(Beginning of Data for this task)

lemma divide_in_one_units:
  fixes \<alpha> u :: "'a::field fls"
  assumes \<alpha>: "\<alpha> \<in> one_units" and u: "u \<in> fls_ball \<alpha> fls_X"
  shows "u / \<alpha> \<in> one_units" "u / \<alpha> - 1 = (u - \<alpha>) / \<alpha>"
proof -
  have "\<alpha> \<noteq> 0" "fls_subdegree \<alpha> = 0" using one_units_subdegree[OF \<alpha>] by auto
  thus eq: "u / \<alpha> - 1 = (u - \<alpha>) / \<alpha>" by (simp add: field_simps)
  have "small (1 + 0) ((u - \<alpha>) * inverse \<alpha>)"
    using u \<open>fls_subdegree \<alpha> = 0\<close> by (intro small_mult) (simp_all add: fls_ball_def small_def)
  thus "u / \<alpha> \<in> one_units" using eq by (simp add: one_units_def divide_inverse)
qed

text \<open>Near \<alpha>, a multiplicative f is u \<mapsto> f(\<alpha>) A(u/\<alpha> - 1); in the variable (u - \<alpha>)/\<pi> its
  coefficients f(\<alpha>) A_n (\<pi>/\<alpha>)^n tend to 0.\<close>
lemma analytic_on_ball_eval_at_unit:
  fixes \<alpha> k :: "'a::field fls"
  assumes \<alpha>: "\<alpha> \<in> one_units" and k: "small 0 k"
  shows "analytic_on_ball (\<lambda>u. k * eval_at_unit A (u / \<alpha>)) \<alpha> fls_X"
  unfolding analytic_on_ball_def
proof (intro exI conjI ballI)
  define c where "c n = k * (fls_const (A $ n) * (fls_X / \<alpha>) ^ n)" for n
  have "fls_subdegree \<alpha> = 0" using one_units_subdegree[OF \<alpha>] by auto
  hence "small 1 (fls_X / \<alpha>)"
    using small_mult[of 1 "fls_X :: 'a fls" 0 "inverse \<alpha>"] by (simp add: small_def divide_inverse)
  hence c: "small (0 + (0 + int n * 1)) (c n)" for n
    unfolding c_def by (intro small_mult k small_fls_const small_power)
  show "fls_lim c 0"
    unfolding fls_lim_def
  proof
    fix m
    have "small m (c n - 0)" if "nat m \<le> n" for n
      using c[of n] small_mono[of m "int n"] that by (simp add: nat_le_iff)
    thus "\<exists>N. \<forall>n\<ge>N. small m (c n - 0)" by blast
  qed
  fix u assume u: "u \<in> fls_ball \<alpha> fls_X"
  have cancel: "b \<noteq> 0 \<Longrightarrow> (b / a) * (c / b) = c / a" for a b c :: "'a fls" by (simp add: field_simps)
  have "(fls_X / \<alpha>) * ((u - \<alpha>) / fls_X) = (u - \<alpha>) / \<alpha>" by (rule cancel) simp
  also have "\<dots> = u / \<alpha> - 1" by (rule divide_in_one_units(2)[OF \<alpha> u, symmetric])
  finally have "(fls_X / \<alpha>) * ((u - \<alpha>) / fls_X) = u / \<alpha> - 1" .
  with fls_sums_mult_left[OF fls_sums_eval_at_unit[OF divide_in_one_units(1)[OF \<alpha> u]], of k]
  show "fls_sums (\<lambda>n. c n * ((u - \<alpha>) / fls_X) ^ n) (k * eval_at_unit A (u / \<alpha>))"
    unfolding c_def by (simp add: power_mult_distrib[symmetric] mult.assoc)
qed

(End of Data for this task)

* Your goal *
Filter the entries and copy each line with "proof".

* Reply to the exercise *
proof -
proof (intro exI conjI ballI)
  proof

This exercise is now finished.